Find the line containing "q2 are adjacent, their" in the records below. Copy exactly that line and each one after it, ending at the line containing "2) \<le> sum", and nothing more.
[RECORDS SHOWN Boundary: Start]
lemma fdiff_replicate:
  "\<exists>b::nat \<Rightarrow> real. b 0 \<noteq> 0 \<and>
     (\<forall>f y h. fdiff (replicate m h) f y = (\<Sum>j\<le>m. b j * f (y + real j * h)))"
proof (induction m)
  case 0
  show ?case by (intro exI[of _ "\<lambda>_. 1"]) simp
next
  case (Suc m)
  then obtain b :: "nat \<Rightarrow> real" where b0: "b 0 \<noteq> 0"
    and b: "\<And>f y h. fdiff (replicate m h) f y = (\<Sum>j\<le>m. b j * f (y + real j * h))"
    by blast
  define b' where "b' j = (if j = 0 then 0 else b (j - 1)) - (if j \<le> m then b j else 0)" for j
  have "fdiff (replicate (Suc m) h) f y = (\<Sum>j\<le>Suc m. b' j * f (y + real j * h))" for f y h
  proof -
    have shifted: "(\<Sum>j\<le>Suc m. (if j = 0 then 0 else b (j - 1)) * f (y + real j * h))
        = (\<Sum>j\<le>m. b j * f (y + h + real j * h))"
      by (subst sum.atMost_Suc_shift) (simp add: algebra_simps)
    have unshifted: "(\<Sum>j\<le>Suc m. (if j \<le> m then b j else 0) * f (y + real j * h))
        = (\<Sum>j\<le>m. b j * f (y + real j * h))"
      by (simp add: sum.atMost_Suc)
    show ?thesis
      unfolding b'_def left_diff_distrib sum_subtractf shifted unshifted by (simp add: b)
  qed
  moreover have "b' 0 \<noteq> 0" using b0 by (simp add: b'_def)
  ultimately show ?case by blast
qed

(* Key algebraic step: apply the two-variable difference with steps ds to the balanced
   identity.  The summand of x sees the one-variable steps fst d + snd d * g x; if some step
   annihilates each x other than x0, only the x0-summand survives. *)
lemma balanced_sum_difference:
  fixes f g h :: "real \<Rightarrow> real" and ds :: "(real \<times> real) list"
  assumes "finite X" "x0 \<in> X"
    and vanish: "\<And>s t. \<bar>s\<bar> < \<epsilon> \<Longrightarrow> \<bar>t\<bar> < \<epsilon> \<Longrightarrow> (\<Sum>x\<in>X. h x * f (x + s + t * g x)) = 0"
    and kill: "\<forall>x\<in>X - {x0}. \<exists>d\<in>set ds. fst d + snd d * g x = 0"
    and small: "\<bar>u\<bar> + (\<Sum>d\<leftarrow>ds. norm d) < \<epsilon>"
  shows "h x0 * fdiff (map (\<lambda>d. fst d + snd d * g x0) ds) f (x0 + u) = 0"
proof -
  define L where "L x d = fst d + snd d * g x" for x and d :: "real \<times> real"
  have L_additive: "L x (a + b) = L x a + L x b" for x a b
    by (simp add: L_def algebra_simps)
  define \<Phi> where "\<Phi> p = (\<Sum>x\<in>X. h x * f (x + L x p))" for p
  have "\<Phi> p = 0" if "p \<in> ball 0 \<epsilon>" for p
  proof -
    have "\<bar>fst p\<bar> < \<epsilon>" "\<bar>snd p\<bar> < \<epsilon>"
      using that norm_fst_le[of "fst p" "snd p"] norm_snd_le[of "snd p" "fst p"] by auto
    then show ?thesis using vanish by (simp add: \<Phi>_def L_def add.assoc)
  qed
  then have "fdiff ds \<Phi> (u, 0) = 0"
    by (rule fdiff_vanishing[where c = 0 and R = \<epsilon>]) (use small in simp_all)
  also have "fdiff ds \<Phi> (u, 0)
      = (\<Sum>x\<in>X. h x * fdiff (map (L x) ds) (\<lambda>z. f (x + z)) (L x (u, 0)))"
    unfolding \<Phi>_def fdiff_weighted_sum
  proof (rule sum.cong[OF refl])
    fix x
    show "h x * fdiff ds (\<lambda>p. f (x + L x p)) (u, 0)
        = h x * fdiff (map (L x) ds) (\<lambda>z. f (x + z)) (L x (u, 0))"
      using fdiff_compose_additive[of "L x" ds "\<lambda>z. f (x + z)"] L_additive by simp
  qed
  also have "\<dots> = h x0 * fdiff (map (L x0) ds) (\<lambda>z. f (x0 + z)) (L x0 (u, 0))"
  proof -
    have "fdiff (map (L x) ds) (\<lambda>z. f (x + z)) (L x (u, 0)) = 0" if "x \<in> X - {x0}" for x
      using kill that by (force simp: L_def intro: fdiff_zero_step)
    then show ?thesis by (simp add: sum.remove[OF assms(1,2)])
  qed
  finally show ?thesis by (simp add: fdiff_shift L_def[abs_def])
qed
[RECORDS SHOWN Boundary: End]
[RECORDS SHOWN Boundary: Start]
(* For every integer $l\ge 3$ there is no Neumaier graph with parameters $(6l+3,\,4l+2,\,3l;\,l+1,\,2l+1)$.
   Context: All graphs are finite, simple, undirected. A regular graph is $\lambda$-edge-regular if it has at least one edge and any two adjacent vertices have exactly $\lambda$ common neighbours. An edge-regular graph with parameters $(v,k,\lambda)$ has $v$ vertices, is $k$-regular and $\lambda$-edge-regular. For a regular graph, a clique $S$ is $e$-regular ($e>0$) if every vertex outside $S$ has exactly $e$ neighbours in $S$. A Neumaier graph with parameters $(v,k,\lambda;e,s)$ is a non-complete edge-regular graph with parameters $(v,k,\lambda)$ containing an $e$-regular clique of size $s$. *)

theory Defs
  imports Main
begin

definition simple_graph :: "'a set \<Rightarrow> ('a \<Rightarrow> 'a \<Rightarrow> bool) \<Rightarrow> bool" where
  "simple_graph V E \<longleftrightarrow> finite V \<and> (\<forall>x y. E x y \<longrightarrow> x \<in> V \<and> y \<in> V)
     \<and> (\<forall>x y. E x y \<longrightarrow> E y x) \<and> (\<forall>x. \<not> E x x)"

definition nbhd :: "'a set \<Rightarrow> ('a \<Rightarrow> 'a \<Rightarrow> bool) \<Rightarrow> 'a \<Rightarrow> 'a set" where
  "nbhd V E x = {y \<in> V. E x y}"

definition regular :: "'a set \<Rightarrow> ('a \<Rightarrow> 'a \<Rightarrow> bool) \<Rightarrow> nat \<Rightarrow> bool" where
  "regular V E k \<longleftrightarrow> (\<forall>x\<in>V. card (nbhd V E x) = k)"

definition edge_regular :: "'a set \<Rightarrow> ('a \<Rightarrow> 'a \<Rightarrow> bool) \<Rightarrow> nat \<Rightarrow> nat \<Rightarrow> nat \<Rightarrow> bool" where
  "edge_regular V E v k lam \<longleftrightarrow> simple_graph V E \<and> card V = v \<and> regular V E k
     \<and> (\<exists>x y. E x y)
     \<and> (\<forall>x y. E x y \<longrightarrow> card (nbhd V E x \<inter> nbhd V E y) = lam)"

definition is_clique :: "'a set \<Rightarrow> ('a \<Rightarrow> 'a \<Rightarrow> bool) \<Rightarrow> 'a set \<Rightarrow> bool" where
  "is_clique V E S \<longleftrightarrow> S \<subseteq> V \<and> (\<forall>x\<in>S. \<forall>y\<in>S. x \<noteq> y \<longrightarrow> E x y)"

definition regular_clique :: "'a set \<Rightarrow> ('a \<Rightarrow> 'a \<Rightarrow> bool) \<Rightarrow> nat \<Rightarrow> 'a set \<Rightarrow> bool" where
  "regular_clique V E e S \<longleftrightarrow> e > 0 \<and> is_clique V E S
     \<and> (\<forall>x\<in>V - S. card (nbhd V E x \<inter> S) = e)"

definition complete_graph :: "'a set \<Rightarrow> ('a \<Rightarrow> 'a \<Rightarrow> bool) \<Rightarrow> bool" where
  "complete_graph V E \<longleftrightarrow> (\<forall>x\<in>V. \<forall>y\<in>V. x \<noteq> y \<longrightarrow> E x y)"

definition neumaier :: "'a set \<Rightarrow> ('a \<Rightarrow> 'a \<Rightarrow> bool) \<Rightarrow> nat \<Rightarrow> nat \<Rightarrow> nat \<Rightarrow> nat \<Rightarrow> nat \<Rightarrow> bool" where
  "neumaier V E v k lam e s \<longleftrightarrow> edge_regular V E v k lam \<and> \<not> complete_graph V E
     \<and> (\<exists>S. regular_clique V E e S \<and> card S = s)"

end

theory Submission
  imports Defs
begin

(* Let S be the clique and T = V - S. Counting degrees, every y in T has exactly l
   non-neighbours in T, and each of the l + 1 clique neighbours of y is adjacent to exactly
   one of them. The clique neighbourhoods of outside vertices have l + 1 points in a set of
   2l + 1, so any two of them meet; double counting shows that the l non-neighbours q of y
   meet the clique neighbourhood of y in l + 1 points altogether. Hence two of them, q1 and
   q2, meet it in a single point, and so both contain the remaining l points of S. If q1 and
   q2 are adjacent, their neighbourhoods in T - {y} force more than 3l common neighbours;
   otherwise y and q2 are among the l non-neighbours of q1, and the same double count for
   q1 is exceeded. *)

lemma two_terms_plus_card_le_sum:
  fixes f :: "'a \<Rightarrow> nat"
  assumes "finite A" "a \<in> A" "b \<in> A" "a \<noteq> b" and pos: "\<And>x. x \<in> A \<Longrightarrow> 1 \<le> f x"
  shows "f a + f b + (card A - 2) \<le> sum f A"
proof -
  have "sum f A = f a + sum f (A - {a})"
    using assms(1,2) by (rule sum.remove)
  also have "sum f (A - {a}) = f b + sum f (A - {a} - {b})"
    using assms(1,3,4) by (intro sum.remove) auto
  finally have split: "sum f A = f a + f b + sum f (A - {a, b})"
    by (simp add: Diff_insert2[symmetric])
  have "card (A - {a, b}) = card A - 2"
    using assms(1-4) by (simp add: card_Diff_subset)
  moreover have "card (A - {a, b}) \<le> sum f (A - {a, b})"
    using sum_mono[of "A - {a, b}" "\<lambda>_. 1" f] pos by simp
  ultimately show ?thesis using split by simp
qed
[RECORDS SHOWN Boundary: End]
▶ ANSWER FOR THE TASK
   q2 are adjacent, their neighbourhoods in T - {y} force more than 3l common neighbours;
   otherwise y and q2 are among the l non-neighbours of q1, and the same double count for
   q1 is exceeded. *)

lemma two_terms_plus_card_le_sum:
  fixes f :: "'a \<Rightarrow> nat"
  assumes "finite A" "a \<in> A" "b \<in> A" "a \<noteq> b" and pos: "\<And>x. x \<in> A \<Longrightarrow> 1 \<le> f x"
  shows "f a + f b + (card A - 2) \<le> sum f A"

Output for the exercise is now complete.